*Work request*
Each entry must be restated exactly as it appears.

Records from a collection
lemma L2norm_triangle:
  assumes "f \<in> L2 M" and "g \<in> L2 M"
  shows "L2norm M (\<lambda>x. f x + g x) \<le> L2norm M f + L2norm M g"
proof -
  note int_f = integrable_L2[OF assms(1)] and int_g = integrable_L2[OF assms(2)]
    and int_fg = integrable_L2_norm_mult[OF assms]
  have "(L2norm M (\<lambda>x. f x + g x))\<^sup>2 \<le>
      (LINT x|M. (cmod (f x))\<^sup>2 + 2 * (cmod (f x) * cmod (g x)) + (cmod (g x))\<^sup>2)"
    unfolding L2norm_power2
  proof (rule integral_mono[OF integrable_L2[OF L2_add[OF assms]]])
    show "integrable M (\<lambda>x. (cmod (f x))\<^sup>2 + 2 * (cmod (f x) * cmod (g x)) + (cmod (g x))\<^sup>2)"
      using int_f int_g int_fg by simp
    show "(cmod (f x + g x))\<^sup>2 \<le> (cmod (f x))\<^sup>2 + 2 * (cmod (f x) * cmod (g x)) + (cmod (g x))\<^sup>2"
      for x
      using power_mono[OF norm_triangle_ineq[of "f x" "g x"] norm_ge_zero, of 2] by (simp add: power2_sum)
  qed
  also have "\<dots> = (L2norm M f)\<^sup>2 + 2 * (LINT x|M. cmod (f x) * cmod (g x)) + (L2norm M g)\<^sup>2"
    using int_f int_g int_fg by (simp add: L2norm_power2)
  also have "\<dots> \<le> (L2norm M f + L2norm M g)\<^sup>2"
    using L2norm_Cauchy_Schwarz[OF assms] by (simp add: power2_sum)
  finally show ?thesis
    by (rule power2_le_imp_le) (simp add: L2norm_nonneg add_nonneg_nonneg)
qed

lemma L2open_ball:
  assumes "c \<in> L2 M"
  shows "L2open M {g \<in> L2 M. L2norm M (\<lambda>x. g x - c x) < r}"
  unfolding L2open_def
proof (intro conjI ballI)
  fix f assume f: "f \<in> {g \<in> L2 M. L2norm M (\<lambda>x. g x - c x) < r}"
  show "\<exists>e>0. \<forall>g\<in>L2 M. L2norm M (\<lambda>x. g x - f x) < e \<longrightarrow> g \<in> {g \<in> L2 M. L2norm M (\<lambda>x. g x - c x) < r}"
  proof (intro exI[of _ "r - L2norm M (\<lambda>x. f x - c x)"] conjI ballI impI)
    fix g assume g: "g \<in> L2 M" and close: "L2norm M (\<lambda>x. g x - f x) < r - L2norm M (\<lambda>x. f x - c x)"
    have "L2norm M (\<lambda>x. g x - c x) \<le> L2norm M (\<lambda>x. g x - f x) + L2norm M (\<lambda>x. f x - c x)"
      using L2norm_triangle[OF L2_diff[OF g] L2_diff, of f f c] f assms by simp
    then show "g \<in> {g \<in> L2 M. L2norm M (\<lambda>x. g x - c x) < r}"
      using g close by simp
  qed (use f in simp)
qed auto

*Response to this exercise*
lemma L2norm_triangle:
  assumes "f \<in> L2 M" and "g \<in> L2 M"
  shows "L2norm M (\<lambda>x. f x + g x) \<le> L2norm M f + L2norm M g"
proof -
  note int_f = integrable_L2[OF assms(1)] and int_g = integrable_L2[OF assms(2)]
    and int_fg = integrable_L2_norm_mult[OF assms]
  have "(L2norm M (\<lambda>x. f x + g x))\<^sup>2 \<le>
      (LINT x|M. (cmod (f x))\<^sup>2 + 2 * (cmod (f x) * cmod (g x)) + (cmod (g x))\<^sup>2)"
    unfolding L2norm_power2
  proof (rule integral_mono[OF integrable_L2[OF L2_add[OF assms]]])
    show "integrable M (\<lambda>x. (cmod (f x))\<^sup>2 + 2 * (cmod (f x) * cmod (g x)) + (cmod (g x))\<^sup>2)"
      using int_f int_g int_fg by simp
    show "(cmod (f x + g x))\<^sup>2 \<le> (cmod (f x))\<^sup>2 + 2 * (cmod (f x) * cmod (g x)) + (cmod (g x))\<^sup>2"
      for x
      using power_mono[OF norm_triangle_ineq[of "f x" "g x"] norm_ge_zero, of 2] by (simp add: power2_sum)
  qed
  also have "\<dots> = (L2norm M f)\<^sup>2 + 2 * (LINT x|M. cmod (f x) * cmod (g x)) + (L2norm M g)\<^sup>2"
    using int_f int_g int_fg by (simp add: L2norm_power2)
  also have "\<dots> \<le> (L2norm M f + L2norm M g)\<^sup>2"
    using L2norm_Cauchy_Schwarz[OF assms] by (simp add: power2_sum)
  finally show ?thesis
    by (rule power2_le_imp_le) (simp add: L2norm_nonneg add_nonneg_nonneg)
qed

lemma L2open_ball:
  assumes "c \<in> L2 M"
  shows "L2open M {g \<in> L2 M. L2norm M (\<lambda>x. g x - c x) < r}"
  unfolding L2open_def
proof (intro conjI ballI)
  fix f assume f: "f \<in> {g \<in> L2 M. L2norm M (\<lambda>x. g x - c x) < r}"
  show "\<exists>e>0. \<forall>g\<in>L2 M. L2norm M (\<lambda>x. g x - f x) < e \<longrightarrow> g \<in> {g \<in> L2 M. L2norm M (\<lambda>x. g x - c x) < r}"
  proof (intro exI[of _ "r - L2norm M (\<lambda>x. f x - c x)"] conjI ballI impI)
    fix g assume g: "g \<in> L2 M" and close: "L2norm M (\<lambda>x. g x - f x) < r - L2norm M (\<lambda>x. f x - c x)"
    have "L2norm M (\<lambda>x. g x - c x) \<le> L2norm M (\<lambda>x. g x - f x) + L2norm M (\<lambda>x. f x - c x)"
      using L2norm_triangle[OF L2_diff[OF g] L2_diff, of f f c] f assms by simp
    then show "g \<in> {g \<in> L2 M. L2norm M (\<lambda>x. g x - c x) < r}"
      using g close by simp
  qed (use f in simp)
qed auto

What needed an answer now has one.